What you will do:
Report how many lines of the data contain the string "assumes". Add nothing.
──────── Data for processing ────────
lemma cayley_in_sector:
  assumes "0 < a" and "a < pi/2" and "cmod z \<le> tan (a/2)"
  shows "in_sector a ((1 + z) / (1 - z))"
proof -
  define \<rho> where "\<rho> = tan (a/2)"
  define s where "s = cmod z"
  have "0 < \<rho>"
    unfolding \<rho>_def using assms by (intro tan_gt_zero) auto
  have "\<rho> < 1"
    using tan_monotone[of "a/2" "pi/4"] assms by (simp add: \<rho>_def tan_45)
  have "0 \<le> s" "s \<le> \<rho>" "s < 1"
    using assms(3) \<open>\<rho> < 1\<close> by (auto simp: s_def \<rho>_def)
  then have "s\<^sup>2 < 1"
    by (simp add: power_less_one_iff)
  have "z \<noteq> 1"
    using \<open>s < 1\<close> s_def by auto
  define d where "d = (cmod (1 - z))\<^sup>2"
  have "0 < d"
    using \<open>z \<noteq> 1\<close> by (simp add: d_def)
  have Re_w: "Re ((1 + z) / (1 - z)) = (1 - s\<^sup>2) / d"
    and Im_w: "Im ((1 + z) / (1 - z)) = 2 * Im z / d"
    unfolding d_def s_def cmod_power2
    by (simp_all add: Re_divide Im_divide power2_eq_square algebra_simps)
  have "\<bar>Im ((1 + z) / (1 - z)) / Re ((1 + z) / (1 - z))\<bar> = 2 * \<bar>Im z\<bar> / (1 - s\<^sup>2)"
    unfolding Re_w Im_w using \<open>0 < d\<close> \<open>s\<^sup>2 < 1\<close> by (simp add: abs_divide abs_mult)
  also have "\<dots> \<le> 2 * s / (1 - s\<^sup>2)"
    using abs_Im_le_cmod[of z] \<open>s\<^sup>2 < 1\<close> by (intro divide_right_mono) (auto simp: s_def)
  also have "\<dots> \<le> 2 * \<rho> / (1 - \<rho>\<^sup>2)"
  proof -
    have "2 * \<rho> * (1 - s\<^sup>2) - 2 * s * (1 - \<rho>\<^sup>2) = 2 * (\<rho> - s) * (1 + s * \<rho>)"
      by (simp add: power2_eq_square algebra_simps)
    also have "\<dots> \<ge> 0"
      using \<open>s \<le> \<rho>\<close> \<open>0 \<le> s\<close> \<open>0 < \<rho>\<close> by simp
    finally show ?thesis
      using \<open>s\<^sup>2 < 1\<close> \<open>0 < \<rho>\<close> \<open>\<rho> < 1\<close> by (simp add: field_simps power_less_one_iff)
  qed
  also have "\<dots> = tan a"
    unfolding \<rho>_def using tan_double_half[OF assms(1,2)] by simp
  finally show ?thesis
    using assms \<open>0 < d\<close> \<open>s\<^sup>2 < 1\<close> by (intro in_sector_if_Re_pos) (auto simp: Re_w)
qed

lemma norm_inverse_cayley_le_1:
  assumes "0 \<le> Re w"
  shows "cmod ((w - 1) / (w + 1)) \<le> 1"
proof -
  have "(cmod (w + 1))\<^sup>2 - (cmod (w - 1))\<^sup>2 = 4 * Re w"
    unfolding cmod_power2 by (simp add: power2_eq_square algebra_simps)
  then have "(cmod (w - 1))\<^sup>2 \<le> (cmod (w + 1))\<^sup>2"
    using assms by linarith
  then have "cmod (w - 1) \<le> cmod (w + 1)"
    by (rule power2_le_imp_le) simp
  then show ?thesis
    by (simp add: norm_divide divide_le_eq_1)
qed

lemma in_sector_telescope:
  assumes "finite S"
    and nonzero: "\<And>T. T \<subseteq> S \<Longrightarrow> f T \<noteq> 0"
    and step: "\<And>T h. T \<subseteq> S \<Longrightarrow> h \<in> S - T \<Longrightarrow> in_sector a (f T / f (insert h T))"
  shows "in_sector (real (card S) * a) (f {} / f S)"
  using assms(1) nonzero step
proof (induction S rule: finite_induct)
  case empty
  then show ?case
    using in_sector_1[of 0] by simp
next
  case (insert h S)
  have "f {} / f (insert h S) = f {} / f S * (f S / f (insert h S))"
    using insert.prems(1)[of S] by auto
  moreover have "in_sector (real (card S) * a) (f {} / f S)"
    using insert.prems by (intro insert.IH) auto
  moreover have "in_sector a (f S / f (insert h S))"
    using insert.prems(2)[of S h] insert.hyps(2) by blast
  ultimately have "in_sector (real (card S) * a + a) (f {} / f (insert h S))"
    using in_sector_mult by metis
  then show ?case
    using insert.hyps by (simp add: algebra_simps)
qed

(* Boundary spins live on half-edges: (e, True) is the half of e at fst (ends e) and (e, False) the
   half at snd (ends e). Z_pinned sums over the spins of the free vertices V only; a half-edge whose
   endpoint is not free takes the spin tau gives to it, so two half-edges at the same pinned vertex
   may carry different spins. This is what allows a vertex to be switched one half-edge at a time. *)

definition endpoint :: "('e \<Rightarrow> 'v \<times> 'v) \<Rightarrow> 'e \<times> bool \<Rightarrow> 'v" where
  "endpoint ends h = (if snd h then fst (ends (fst h)) else snd (ends (fst h)))"

definition half_spin ::
    "'v set \<Rightarrow> ('e \<Rightarrow> 'v \<times> 'v) \<Rightarrow> ('e \<times> bool \<Rightarrow> nat) \<Rightarrow> ('v \<Rightarrow> nat) \<Rightarrow> 'e \<times> bool \<Rightarrow> nat" where
  "half_spin V ends \<tau> \<sigma> h = (if endpoint ends h \<in> V then \<sigma> (endpoint ends h) else \<tau> h)"

definition edge_weight :: "complex \<Rightarrow> nat \<Rightarrow> nat \<Rightarrow> complex" where
  "edge_weight \<beta> x y = (if x = y then \<beta> else 1)"

definition Z_pinned ::
    "complex \<Rightarrow> 'v set \<Rightarrow> 'e set \<Rightarrow> ('e \<Rightarrow> 'v \<times> 'v) \<Rightarrow> ('e \<times> bool \<Rightarrow> nat) \<Rightarrow> complex" where
  "Z_pinned \<beta> V E ends \<tau> = (\<Sum>\<sigma>\<in>V \<rightarrow>\<^sub>E {0::nat, 1}.
     \<Prod>e\<in>E. edge_weight \<beta> (half_spin V ends \<tau> \<sigma> (e, True)) (half_spin V ends \<tau> \<sigma> (e, False)))"

definition pin_vertex ::
    "('e \<Rightarrow> 'v \<times> 'v) \<Rightarrow> ('e \<times> bool \<Rightarrow> nat) \<Rightarrow> 'v \<Rightarrow> nat \<Rightarrow> 'e \<times> bool \<Rightarrow> nat" where
  "pin_vertex ends \<tau> u c = (\<lambda>h. if endpoint ends h = u then c else \<tau> h)"

definition pinned_ratio ::
    "complex \<Rightarrow> 'v set \<Rightarrow> 'e set \<Rightarrow> ('e \<Rightarrow> 'v \<times> 'v) \<Rightarrow> ('e \<times> bool \<Rightarrow> nat) \<Rightarrow> 'v \<Rightarrow> complex" where
  "pinned_ratio \<beta> V E ends \<tau> u =
     Z_pinned \<beta> V E ends (pin_vertex ends \<tau> u 0) / Z_pinned \<beta> V E ends (pin_vertex ends \<tau> u 1)"

lemma Z_Ising_eq_Z_pinned:
  fixes V :: "'v set" and ends :: "'e \<Rightarrow> 'v \<times> 'v"
  assumes "is_multigraph V E ends"
  shows "Z_Ising V E ends \<beta> = Z_pinned \<beta> V E ends \<tau>"
  unfolding Z_Ising_def Z_pinned_def mono_edges_def
proof (rule sum.cong[OF refl])
  fix \<sigma> :: "'v \<Rightarrow> nat"
  have "finite E"
    using assms by (simp add: is_multigraph_def)
  have "(\<Prod>e\<in>E. edge_weight \<beta> (half_spin V ends \<tau> \<sigma> (e, True)) (half_spin V ends \<tau> \<sigma> (e, False)))
      = (\<Prod>e\<in>E. if \<sigma> (fst (ends e)) = \<sigma> (snd (ends e)) then \<beta> else 1)"
    using assms by (intro prod.cong refl)
      (auto simp: is_multigraph_def half_spin_def endpoint_def edge_weight_def)
  also have "\<dots> = (\<Prod>e\<in>{e\<in>E. \<sigma> (fst (ends e)) = \<sigma> (snd (ends e))}. \<beta>)"
    by (rule prod.inter_filter[OF \<open>finite E\<close>, symmetric])
  finally show "\<beta> ^ card {e\<in>E. \<sigma> (fst (ends e)) = \<sigma> (snd (ends e))} =
      (\<Prod>e\<in>E. edge_weight \<beta> (half_spin V ends \<tau> \<sigma> (e, True)) (half_spin V ends \<tau> \<sigma> (e, False)))"
    by simp
qed

lemma Z_pinned_cong:
  assumes "\<And>e s. e \<in> E \<Longrightarrow> endpoint ends (e, s) \<notin> V \<Longrightarrow> \<tau> (e, s) = \<tau>' (e, s)"
  shows "Z_pinned \<beta> V E ends \<tau> = Z_pinned \<beta> V E ends \<tau>'"
  unfolding Z_pinned_def half_spin_def using assms by (intro sum.cong prod.cong refl) auto

lemma Z_pinned_empty_nonzero:
  assumes "finite E" and "\<beta> \<noteq> 0"
  shows "Z_pinned \<beta> {} E ends \<tau> \<noteq> 0"
  using assms by (simp add: Z_pinned_def edge_weight_def prod_zero_iff)

lemma Z_pinned_split_vertex:
  assumes "x \<in> V"
  shows "Z_pinned \<beta> V E ends \<tau> =
    Z_pinned \<beta> (V - {x}) E ends (pin_vertex ends \<tau> x 0) +
    Z_pinned \<beta> (V - {x}) E ends (pin_vertex ends \<tau> x 1)"
proof -
  define V' where "V' = V - {x}"
  have V: "V = insert x V'" and "x \<notin> V'"
    using assms by (auto simp: V'_def)
  define F where "F W \<tau>' \<sigma> = (\<Prod>e\<in>E.
    edge_weight \<beta> (half_spin W ends \<tau>' \<sigma> (e, True)) (half_spin W ends \<tau>' \<sigma> (e, False)))" for W \<tau>' \<sigma>
  have half_spin_upd:
    "half_spin V ends \<tau> (\<sigma>(x := c)) = half_spin V' ends (pin_vertex ends \<tau> x c) \<sigma>" for \<sigma> c
    using \<open>x \<notin> V'\<close> by (auto simp: V half_spin_def pin_vertex_def)
  have "Z_pinned \<beta> V E ends \<tau> =
      (\<Sum>\<sigma>\<in>(\<lambda>(c, \<sigma>). \<sigma>(x := c)) ` ({0::nat, 1} \<times> (V' \<rightarrow>\<^sub>E {0, 1})). F V \<tau> \<sigma>)"
    unfolding Z_pinned_def F_def V PiE_insert_eq by simp
  also have "\<dots> = (\<Sum>p\<in>{0::nat, 1} \<times> (V' \<rightarrow>\<^sub>E {0, 1}). F V \<tau> ((\<lambda>(c, \<sigma>). \<sigma>(x := c)) p))"
    by (rule sum.reindex[unfolded comp_def]) (rule inj_combinator[OF \<open>x \<notin> V'\<close>])
  also have "\<dots> = (\<Sum>c\<in>{0::nat, 1}. \<Sum>\<sigma>\<in>V' \<rightarrow>\<^sub>E {0, 1}. F V' (pin_vertex ends \<tau> x c) \<sigma>)"
    by (simp add: sum.cartesian_product split_def F_def half_spin_upd)
  finally show ?thesis
    by (simp add: Z_pinned_def F_def V'_def)
qed

lemma Z_pinned_nonzero_if_pinned_ratio_in_sector:
  assumes "u \<in> V" and nonzero: "Z_pinned \<beta> (V - {u}) E ends (pin_vertex ends \<tau> u 1) \<noteq> 0"
    and "in_sector a (pinned_ratio \<beta> (V - {u}) E ends \<tau> u)" and "a < pi"
  shows "Z_pinned \<beta> V E ends \<tau> \<noteq> 0"
proof -
  let ?Y = "\<lambda>c. Z_pinned \<beta> (V - {u}) E ends (pin_vertex ends \<tau> u c)"
  have "1 + ?Y 0 / ?Y 1 \<noteq> 0"
    using assms(3,4) unfolding pinned_ratio_def by (rule in_sector_1_plus_nonzero)
  moreover have "Z_pinned \<beta> V E ends \<tau> = ?Y 1 * (1 + ?Y 0 / ?Y 1)"
    using Z_pinned_split_vertex[OF \<open>u \<in> V\<close>, of \<beta> E ends \<tau>] nonzero by (simp add: field_simps)
  ultimately show ?thesis
    using nonzero by simp
qed

lemma Z_pinned_remove_edge:
  assumes "finite E" and "e \<in> E"
    and "endpoint ends (e, True) \<notin> V" and "endpoint ends (e, False) \<notin> V"
  shows "Z_pinned \<beta> V E ends \<tau> =
    edge_weight \<beta> (\<tau> (e, True)) (\<tau> (e, False)) * Z_pinned \<beta> V (E - {e}) ends \<tau>"
  unfolding Z_pinned_def sum_distrib_left
  using assms by (intro sum.cong refl) (simp add: prod.remove half_spin_def)

lemma Z_pinned_upd_half_edge_pinned_end:
  assumes "finite E" and "e \<in> E"
    and "endpoint ends (e, s) \<notin> V" and "endpoint ends (e, \<not> s) \<notin> V"
  shows "Z_pinned \<beta> V E ends (\<tau>((e, s) := c)) =
    edge_weight \<beta> c (\<tau> (e, \<not> s)) * Z_pinned \<beta> V (E - {e}) ends \<tau>"
proof -
  let ?\<tau> = "\<tau>((e, s) := c)"
  have "endpoint ends (e, True) \<notin> V" and "endpoint ends (e, False) \<notin> V"
    using assms(3,4) by (cases s; simp add: endpoint_def)+
  then have "Z_pinned \<beta> V E ends ?\<tau> =
      edge_weight \<beta> (?\<tau> (e, True)) (?\<tau> (e, False)) * Z_pinned \<beta> V (E - {e}) ends ?\<tau>"
    by (rule Z_pinned_remove_edge[OF assms(1,2)])
  moreover have "edge_weight \<beta> (?\<tau> (e, True)) (?\<tau> (e, False)) = edge_weight \<beta> c (\<tau> (e, \<not> s))"
    by (cases s) (auto simp: edge_weight_def)
  moreover have "Z_pinned \<beta> V (E - {e}) ends ?\<tau> = Z_pinned \<beta> V (E - {e}) ends \<tau>"
    by (rule Z_pinned_cong) auto
  ultimately show ?thesis
    by simp
qed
────────
Exercise result:
10